The APF foam has the same fluoride concentration (12,300 ppm) and pH as APF gels. Typically, the foam is professionally applied in a trimmed sponge-lined tray and the patient is asked to keep biting in the tray for 4 min while leaning forward. The advantage with the foam compared with the gel is that only one fifth of the amount by weight is needed for an adequate coverage of the teeth. Three studies from China involving children and adolescents were included and summarized in table 4. The preventive fraction was 24% in the primary dentition [Jiang et al., 2005b], 41% for smooth surfaces of first permanent molars [Jiang et al., 2005a] and 76% concerning the increment of white spot lesions around orthodontic brackets [Jiang et al., 2013]. Notably, no preventive effect was displayed in fissures located on occlusal surfaces.

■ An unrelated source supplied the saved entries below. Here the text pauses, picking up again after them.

lemma coalition_value_insert2_le_max:
  assumes i: "i \<in> Agents n" and k: "k \<in> Agents n" and "i \<noteq> k"
    and T: "T \<subseteq> Agents n" "i \<notin> T" "k \<notin> T"
  shows "coalition_value (insert i (insert k T))
           \<le> max (coalition_value (insert i T)) (coalition_value (insert k T))"
proof (rule ccontr)
  let ?W = coalition_value
  assume contra: "\<not> ?thesis"
  define s where "s = (max (?W (insert i T)) (?W (insert k T)) + ?W (insert i (insert k T))) / 2"
  have s: "max (?W (insert i T)) (?W (insert k T)) < s" "s < ?W (insert i (insert k T))"
    using contra unfolding s_def by auto
  define \<beta> where "\<beta> = max (max (?W {i}) (?W (insert k T))) (2 * s - 1)"
  define \<alpha> where "\<alpha> = (s + \<beta>) / 2"
  have "0 \<le> ?W {i}" "?W (insert i (insert k T)) \<le> 1" using coalition_value_in_unit_interval by auto
  moreover have "?W {i} \<le> ?W (insert i T)" by (auto intro: coalition_value_mono)
  ultimately have \<alpha>: "?W {i} < \<alpha>" "?W (insert k T) < \<alpha>" "2 * s - 1 < \<alpha>" "\<alpha> < s" "2 * \<alpha> = s + \<beta>"
    using s unfolding \<alpha>_def \<beta>_def by auto
  text \<open>Agent i's true cdf is (\<alpha>, s, 1) at levels 0, 1 and above; reporting (\<alpha>, \<alpha>, 1) instead
    lowers the output cdf at level 1 from s to \<alpha>, which brings the output closer to the truth.\<close>
  define p where "p = three_point 0 \<alpha> 1 (s - \<alpha>) 2 (1 - s)"
  define p' where "p' = three_point 0 \<alpha> 2 (1 - \<alpha>) 0 0"
  have p: "p \<in> Dists m" "cdf p 0 = \<alpha>" "cdf p 1 = s" "\<And>a. 2 \<le> a \<Longrightarrow> cdf p a = 1"
    unfolding p_def cdf_three_point using three_le_m \<alpha> \<open>0 \<le> ?W {i}\<close>
    by (auto intro!: three_point_in_Dists)
  have p': "p' \<in> Dists m" "cdf p' 0 = \<alpha>" "cdf p' 1 = \<alpha>" "\<And>a. 2 \<le> a \<Longrightarrow> cdf p' a = 1"
    unfolding p'_def cdf_three_point using three_le_m \<alpha> \<open>0 \<le> ?W {i}\<close>
    by (auto intro!: three_point_in_Dists)
  define pk where "pk = three_point 1 s (m - 1) (1 - s) 0 0"
  define pp where "pp = coalition_profile i k T 1 (m - 1) p pk"
  have upd: "pp(i := p') = coalition_profile i k T 1 (m - 1) p' pk"
    unfolding pp_def using coalition_profile_fun_upd[OF i] .
  note test = cdf_aggregate_upper_test_profile[OF i k \<open>i \<noteq> k\<close> T _ s, folded pk_def]
  have sincere: "pp \<in> Profiles n m" "cdf (\<psi> pp) 0 = ?W {i}" "cdf (\<psi> pp) 1 = s"
    "\<And>a. 2 \<le> a \<Longrightarrow> a < m - 1 \<Longrightarrow> cdf (\<psi> pp) a = s"
    unfolding pp_def using test[OF p(1)] p \<alpha> by auto
  have deviation: "cdf (\<psi> (pp(i := p'))) 0 = ?W {i}" "cdf (\<psi> (pp(i := p'))) 1 = \<alpha>"
    "\<And>a. 2 \<le> a \<Longrightarrow> a < m - 1 \<Longrightarrow> cdf (\<psi> (pp(i := p'))) a = s"
    unfolding upd using test[OF p'(1)] p' \<alpha> by auto
  have "p 0 = \<alpha>" "p 1 = s - \<alpha>" "p 2 = 1 - s" "\<And>a. 3 \<le> a \<Longrightarrow> p a = 0"
    unfolding p_def three_point_def point_mass_def by simp_all
  moreover have "pp i = p" unfolding pp_def using coalition_profile_apply[OF i] .
  ultimately have "\<bar>?W {i} - \<alpha>\<bar> + \<bar>s - ?W {i} - (s - \<alpha>)\<bar> + \<bar>s - s - (1 - s)\<bar>
      \<le> \<bar>?W {i} - \<alpha>\<bar> + \<bar>\<alpha> - ?W {i} - (s - \<alpha>)\<bar> + \<bar>s - \<alpha> - (1 - s)\<bar>"
    using L1_SP_four_point[OF i sincere(1) p'(1), of s] sincere deviation by simp
  then show False using \<alpha> \<open>0 \<le> ?W {i}\<close> by (simp add: abs_if split: if_splits)
qed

Furthermore, in all study groups, the tooth-brushing habits were highly irregular and less than 50% used fluoride toothpaste. Although the external validity was limited, it seems that professional applications of fluoride foam may have a caries-preventive potential of the same magnitude as fluoride gel. The quality of evidence must, however, be regarded as very low (⨁○○○) due to the small number of studies available and the fact that all originate from one single research group.

Table 4

Summary of controlled clinical trials on the effect of APF foam (1.23%, pH 3.5) applied in trays

Summary of controlled clinical trials on the effect of APF foam (1.23%, pH 3.5) applied in trays
Summary of controlled clinical trials on the effect of APF foam (1.23%, pH 3.5) applied in trays

Cost Efficacy

The literature concerning health-economy was scarce and not more than 4 relevant papers were identified. In a Swedish study, the ‘natural course' of proximal caries progression was modelled during 4-8 years after 3-year school-based fluoride varnish and fluoride mouth rinse programmes in schoolchildren [Sköld et al., 2008]. The results suggested that the fluoride varnish strategy had a better outcome at 50% lower costs. On the other hand, school-based fluoride mouth rinse programmes may be cheaper than supervised tooth-brushing programmes [Chen et al., 2010]. In Chile, Mariño et al. [2012] compared the costs required to prevent 1 carious tooth among schoolchildren with various preventive measures and found that salt fluoridation was the most cost-effective, with APF gel ranked as the least cost-effective. Furthermore, fluoride varnish applications were found to take less time and resulted in fewer signs of discomfort than foam in high-risk children [Hawkins et al., 2004]. Although the above-mentioned cost analyses may not fully mirror all direct, indirect and tangible costs of caries prevention, the data might be helpful and suggestive to policymakers and community oral health planners.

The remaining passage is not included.